9. The frequency synthesizer according to claim 6, wherein said
first element is comprises an amplifier.
10. The frequency synthesizer according to claim 6, wherein said
first frequency divider includes a frequency divider for dividing
one input signal to generate two signals which are out of phase by
90 degrees.
11. The frequency synthesizer according to claim 2, wherein said
frequency division ratio n is four at maximum, said first frequency
f.sub.1 is a frequency equal to or higher than 4/3 times as high as
an upper limit of the desired frequency f.sub.0, and said second
frequency f.sub.2 is a frequency within a range of 3/4 times to one
time as high as the first frequency f.sub.1.

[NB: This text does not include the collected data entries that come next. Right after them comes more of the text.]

(* Let $\mathbb{T}$ be a time scale, let $a<b$ be points of $\mathbb{T}$, and let $\alpha,\beta$ be real constants. Suppose the characteristic equation $\lambda^2+\alpha\lambda+\beta=0$ has two distinct positive roots. Then the equation $$x^{\Delta\Delta}(t)+\alpha x^{\Delta}(t)+\beta x(t)=0,\quad t\in[a,b]_{\mathbb{T}},$$ has Hyers–Ulam stability on $[a,b]_{\mathbb{T}}$; that is, for every $\varepsilon>0$, whenever $y\in C^2_{rd}([a,b]_{\mathbb{T}})$ satisfies $|y^{\Delta\Delta}(t)+\alpha y^{\Delta}(t)+\beta y(t)|\le\varepsilon$ for all $t\in[a,b]_{\mathbb{T}}$, there exists a solution $u\in C^2_{rd}([a,b]_{\mathbb{T}})$ of $u^{\Delta\Delta}+\alpha u^{\Delta}+\beta u=0$ on $[a,b]_{\mathbb{T}}$ such that $|y(t)-u(t)|\le K\varepsilon$ for all $t\in[a,b]_{\mathbb{T}}$, for some constant $K>0$.
   Context: A time scale $\mathbb{T}$ is a nonempty closed subset of $\mathbb{R}$; $[a,b]_{\mathbb{T}}:=[a,b]\cap\mathbb{T}$. $\sigma(t)=\inf\{s\in\mathbb{T}:s>t\}$ is the forward jump operator, $\mu(t)=\sigma(t)-t$ the graininess, and $f^{\Delta}$ denotes the delta (Hilger) derivative; $f^{\Delta\Delta}=(f^\Delta)^\Delta$. $C^2_{rd}([a,b]_{\mathbb{T}})$ denotes the functions that are twice delta differentiable on $[a,b]_{\mathbb{T}}$ with rd-continuous second delta derivative. *)

theory Defs
  imports "HOL-Analysis.Analysis"
begin

text \<open>Time scales are modelled as nonempty closed subsets of the reals.
Functions are real-valued functions on the reals; only their values on the
time scale matter.\<close>

definition time_scale :: "real set \<Rightarrow> bool" where
  "time_scale T \<longleftrightarrow> T \<noteq> {} \<and> closed T"

text \<open>Forward/backward jump operators (inf of empty set = sup T, sup of empty set = inf T).\<close>
definition sigma :: "real set \<Rightarrow> real \<Rightarrow> real" where
  "sigma T t = (if \<exists>s\<in>T. s > t then Inf {s\<in>T. s > t} else t)"

definition rho :: "real set \<Rightarrow> real \<Rightarrow> real" where
  "rho T t = (if \<exists>s\<in>T. s < t then Sup {s\<in>T. s < t} else t)"

definition mu :: "real set \<Rightarrow> real \<Rightarrow> real" where
  "mu T t = sigma T t - t"

definition kappa :: "real set \<Rightarrow> real set" where
  "kappa T = T - {m. m \<in> T \<and> (\<forall>s\<in>T. s \<le> m) \<and> rho T m < m}"

definition has_delta_derivative :: "(real \<Rightarrow> real) \<Rightarrow> real \<Rightarrow> real set \<Rightarrow> real \<Rightarrow> bool" where
  "has_delta_derivative f D T t \<longleftrightarrow> t \<in> kappa T \<and>
     (\<forall>e>0. \<exists>d>0. \<forall>s\<in>T. \<bar>s - t\<bar> < d \<longrightarrow>
        \<bar>f (sigma T t) - f s - D * (sigma T t - s)\<bar> \<le> e * \<bar>sigma T t - s\<bar>)"

definition delta_deriv :: "(real \<Rightarrow> real) \<Rightarrow> real set \<Rightarrow> real \<Rightarrow> real" where
  "delta_deriv f T t = (THE D. has_delta_derivative f D T t)"

definition delta_differentiable_on :: "(real \<Rightarrow> real) \<Rightarrow> real set \<Rightarrow> bool" where
  "delta_differentiable_on f T \<longleftrightarrow> (\<forall>t\<in>kappa T. \<exists>D. has_delta_derivative f D T t)"

definition rd_continuous_on :: "real set \<Rightarrow> (real \<Rightarrow> real) \<Rightarrow> bool" where
  "rd_continuous_on T g \<longleftrightarrow>
     (\<forall>t\<in>T. sigma T t = t \<longrightarrow> continuous (at t within T) g) \<and>
     (\<forall>t\<in>T. rho T t = t \<longrightarrow> (\<exists>L. (g \<longlongrightarrow> L) (at t within (T \<inter> {..<t}))))"

definition C2rd :: "real set \<Rightarrow> (real \<Rightarrow> real) \<Rightarrow> bool" where
  "C2rd T f \<longleftrightarrow> delta_differentiable_on f T \<and>
     delta_differentiable_on (delta_deriv f T) (kappa T) \<and>
     rd_continuous_on (kappa (kappa T)) (delta_deriv (delta_deriv f T) (kappa T))"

12. The frequency synthesizer according to claim 1, wherein each of
said first frequency generator and said second frequency generator
generates two signals which are out of phase by 90 degrees from
each other.
13. The frequency synthesizer according to claim 12, wherein at
least one of said first frequency generator and said second
frequency generator comprises two oscillators for generating
signals at the same frequency and out of phase with each other by
90 degrees, and said two oscillators generate the two signals which
are out of phase by 90 degrees.
14. The frequency synthesizer according to claim 12, wherein at
least one of said first frequency generator of and said second
frequency generator comprises an oscillator, and a poly-phase
filter applied with an output of said oscillator to generate a
signal which is out of phase by 90 degrees from the signal output
from said oscillator, and the signal from said oscillator and the
signal from said poly-phase filter are output as the two signals
which are out of phase by 90 degrees.
15. The frequency synthesizer according to claim 12, wherein at
least one of said first frequency generator and said second
frequency generator comprises an oscillator for generating a signal
at a frequency twice as high as a frequency to be output, and a
ninth frequency divider for frequency dividing the signal generated
by said oscillator at a frequency division ratio "2" to generate
the two signals which are out of phase by 90 degrees.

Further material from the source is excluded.